Hawaii Gov. Josh Green is putting together a plan to help people who lost family members or were injured.

Gov. Josh Green is finalizing details of a Maui fire victim recovery fund that could be paid for by Hawaiian Electric, major Maui landowners and even Maui County, all of which have been named as defendants in lawsuits stemming from the Aug. 8 fire that killed at least 98 people and destroyed much of Lahaina.

The new fund would be used to compensate families of those who died in the blaze as well as those who were physically injured. It’s not intended to pay for lost homes, businesses or other property damage.

The program would be modeled after the September 11 Victims Compensation Fund, which was created by Congress in the immediate aftermath of the terrorist attacks.
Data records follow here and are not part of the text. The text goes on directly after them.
lemma sqrt_threshold_bounds:
  assumes n: "64 \<le> n"
  shows "real (sqrt_threshold n) \<le> 3 * sqrt n + 3" "2 * n \<le> sqrt_threshold n choose 2"
    "2 * sqrt_threshold n \<le> n" "2 \<le> sqrt_threshold n"
proof -
  define s where "s = nat \<lfloor>sqrt (real n)\<rfloor>"
  define k where "k = sqrt_threshold n"
  have s: "real s \<le> sqrt n" "sqrt n < real s + 1" unfolding s_def by simp linarith
  have k: "real k = 3 * (real s + 1)" unfolding k_def sqrt_threshold_def s_def by simp
  show "real (sqrt_threshold n) \<le> 3 * sqrt n + 3" using k s unfolding k_def by simp
  show "2 \<le> sqrt_threshold n" unfolding sqrt_threshold_def by simp
  have "8 \<le> sqrt n" by (rule real_le_rsqrt) (use n in simp)
  then have "8 * sqrt n \<le> sqrt n * sqrt n" by (intro mult_right_mono) auto
  then have "8 * sqrt n \<le> real n" by simp
  then have "2 * real k \<le> real n"
    using k s \<open>8 \<le> sqrt n\<close> by (smt (verit))
  then show "2 * sqrt_threshold n \<le> n" unfolding k_def by linarith
  have "sqrt n * sqrt n < (real s + 1) * (real s + 1)" using s by (intro mult_strict_mono) auto
  then have "real n < (real s + 1) * (real s + 1)" by simp
  moreover have "real k * (real k - 1) = 6 + 15 * real s + 9 * (real s * real s)"
    using k by (simp add: algebra_simps)
  moreover have "(real s + 1) * (real s + 1) = real s * real s + 2 * real s + 1"
    by (simp add: algebra_simps)
  moreover have "0 \<le> real s * real s" by simp
  ultimately have "6 * real n < real k * (real k - 1)" by linarith
  moreover have "real k * (real k - 1) = real (k * (k - 1))"
    using \<open>2 \<le> sqrt_threshold n\<close> unfolding k_def by (simp add: of_nat_diff)
  ultimately have "6 * n < k * (k - 1)" by linarith
  then show "2 * n \<le> sqrt_threshold n choose 2" unfolding k_def by (simp add: choose_two)
qed

lemma power_eq_exp_ln: "0 < x \<Longrightarrow> x ^ m = exp (real m * ln x)"
  by (simp add: exp_of_nat_mult)

lemma independent_term_le:
  fixes q L \<delta> :: real and n k :: nat
  assumes q: "0 < q" "q \<le> 1" and L: "L = - ln q" and n: "0 < n"
    and k: "2 * n \<le> k choose 2" and slack: "2 + (real k + 2) * ln n + L * real k \<le> \<delta> * L * n"
  shows "real n ^ k * q ^ (k choose 2) \<le> exp (-(1 - \<delta>) * L * n - 2)"
proof -
  have "0 \<le> L" using L q by simp
  then have "0 \<le> ln (real n)" "0 \<le> L * real k" "(real k + 2) * ln n = real k * ln n + 2 * ln n"
    using n by (simp_all add: algebra_simps)
  then have slack': "2 + k * ln n \<le> \<delta> * L * n" using slack by linarith
  have "q ^ (k choose 2) \<le> q ^ (2 * n)" using q k by (intro power_decreasing) auto
  then have "real n ^ k * q ^ (k choose 2) \<le> real n ^ k * q ^ (2 * n)"
    by (intro mult_left_mono) auto
  also have "\<dots> = exp (k * ln n - 2 * L * n)"
    using q n L by (simp add: power_eq_exp_ln mult_exp_exp algebra_simps)
  also have "\<dots> \<le> exp (-(1 - \<delta>) * L * n - 2)"
    using slack' L q mult_nonneg_nonneg[of L "real n"] by (simp add: algebra_simps)
  finally show ?thesis .
qed

lemma real_times_power_le_one:
  fixes q L :: real and n h :: nat
  assumes q: "0 < q" "q \<le> 1" and L: "L = - ln q" and n: "0 < n" "n \<le> 8 * h"
    and decay: "8 * ln n \<le> L * n"
  shows "real n * q ^ h \<le> 1"
proof -
  have "0 \<le> L" using L q by simp
  moreover have "real n \<le> 8 * real h" using n by simp
  ultimately have "L * n \<le> 8 * (L * h)" by (metis mult.left_commute mult_left_mono)
  then have "ln n \<le> L * h" using decay by linarith
  have "real n * q ^ h = exp (ln n) * exp (h * ln q)" using q n by (simp add: power_eq_exp_ln)
  also have "\<dots> = exp (ln n - L * h)" by (simp only: mult_exp_exp) (simp add: L algebra_simps)
  also have "\<dots> \<le> 1" using \<open>ln n \<le> L * h\<close> by simp
  finally show ?thesis .
qed

lemma separator_term_le:
  fixes q L \<delta> :: real and n k h :: nat
  assumes q: "0 < q" "q \<le> 1" and L: "L = - ln q" and n: "0 < n" and k: "k \<le> n"
    and small: "real n * q ^ h \<le> 1" and slack: "2 + (real k + 2) * ln n + L * real k \<le> \<delta> * L * n"
  shows "real n * (1 + q ^ h) ^ n * (real k * real n ^ k) * q ^ (n - k)
         \<le> exp (-(1 - \<delta>) * L * n - 1)"
proof -
  have "(1 + q ^ h) ^ n \<le> exp (q ^ h) ^ n" using q by (intro power_mono) auto
  also have "\<dots> = exp (real n * q ^ h)" by (simp add: exp_of_nat_mult)
  also have "\<dots> \<le> exp 1" using small by simp
  finally have "(1 + q ^ h) ^ n \<le> exp 1" .
  then have "real n * (1 + q ^ h) ^ n * (real k * real n ^ k) * q ^ (n - k)
      \<le> real n * exp 1 * (real n * real n ^ k) * q ^ (n - k)"
    using q k by (intro mult_mono mult_right_mono mult_left_mono) auto
  also have "\<dots> = exp (ln n) * exp 1 * (exp (ln n) * exp (k * ln n)) * exp ((n - k) * ln q)"
    using q n by (simp add: power_eq_exp_ln)
  also have "\<dots> = exp (ln n + 1 + ln n + k * ln n - L * (real n - k))"
    by (simp only: mult_exp_exp) (simp add: L k of_nat_diff algebra_simps)
  also have "\<dots> \<le> exp (-(1 - \<delta>) * L * n - 1)"
    using slack by (simp add: algebra_simps)
  finally show ?thesis .
qed

lemma sqrt_threshold_slack:
  fixes L Lmax \<delta> :: real and n :: nat
  assumes n: "64 \<le> n" and L: "0 \<le> L" "L \<le> Lmax"
    and growth: "(10 + 6 * Lmax) * sqrt n * ln n \<le> \<delta> * L * n"
  shows "2 + (real (sqrt_threshold n) + 2) * ln n + L * real (sqrt_threshold n) \<le> \<delta> * L * n"
proof -
  define k where "k = sqrt_threshold n"
  have k: "real k \<le> 3 * sqrt n + 3" using sqrt_threshold_bounds(1)[OF n] unfolding k_def .
  have "exp 1 \<le> real n" using exp_le n by linarith
  then have ln: "1 \<le> ln (real n)" using n by (simp add: ln_ge_iff)
  have sq: "1 \<le> sqrt (real n)" using n by simp
  have "real k + 2 \<le> 8 * sqrt n" using k sq by (smt (verit))
  then have "(real k + 2) * ln n \<le> 8 * sqrt n * ln n" using ln by (intro mult_right_mono) auto
  moreover have "L * real k \<le> 6 * Lmax * sqrt n * ln n"
  proof -
    have "real k \<le> 6 * sqrt n" using k sq by (smt (verit))
    then have "L * real k \<le> Lmax * (6 * sqrt n)" using L by (intro mult_mono) auto
    also have "\<dots> \<le> Lmax * (6 * sqrt n) * ln n"
      using mult_left_mono[OF ln, of "Lmax * (6 * sqrt n)"] L by simp
    finally show ?thesis by (simp add: algebra_simps)
  qed
  moreover have "1 \<le> sqrt n * ln n" using mult_mono[OF sq ln] by simp
  ultimately show ?thesis using growth unfolding k_def[symmetric] by (simp add: algebra_simps)
qed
The idea was to get money into the hands of those who were hurt or injured as quickly as possible in exchange for the promise they would not sue the federal government, the city of New York or any of the airlines involved.

Green has tapped Kenneth Feinberg, the former special master of the 9/11 fund, to help develop a methodology to come up with a fair compensation model for Maui fire victims.

Feinberg is considered the preeminent expert on the topic and has done similar work for victims of the Boston Marathon bombings, Pulse Nightclub shooting and Deepwater Horizon explosion and oil spill in the Gulf of Mexico. He’s currently working for the governor pro bono.

“No amount of money will ever bring a loved one back or will heal that ultimate wound, but I do want to help the families and the generations that follow that lost loved ones as much as possible,” Green said in an interview with Civil Beat. “I think this is not just the right thing to do, but it’s also appropriate.”

Hawaii public schools superintendent Keith Hayashi and Gov. Josh Green chat during a Hawaii State Department of Education announcement for reopening schools in West Maui on Tuesday, Sept. 26, 2023, at Kapalua Airport in Lahaina. Lahainaluna High School, Lahaina Intermediate School and Princess Nahienena Elementary School will re-open after fall break. The Army Corps of Engineers will build a temporary replacement school for King Kamehameha III Elementary. (Kevin Fujii/Civil Beat/2023)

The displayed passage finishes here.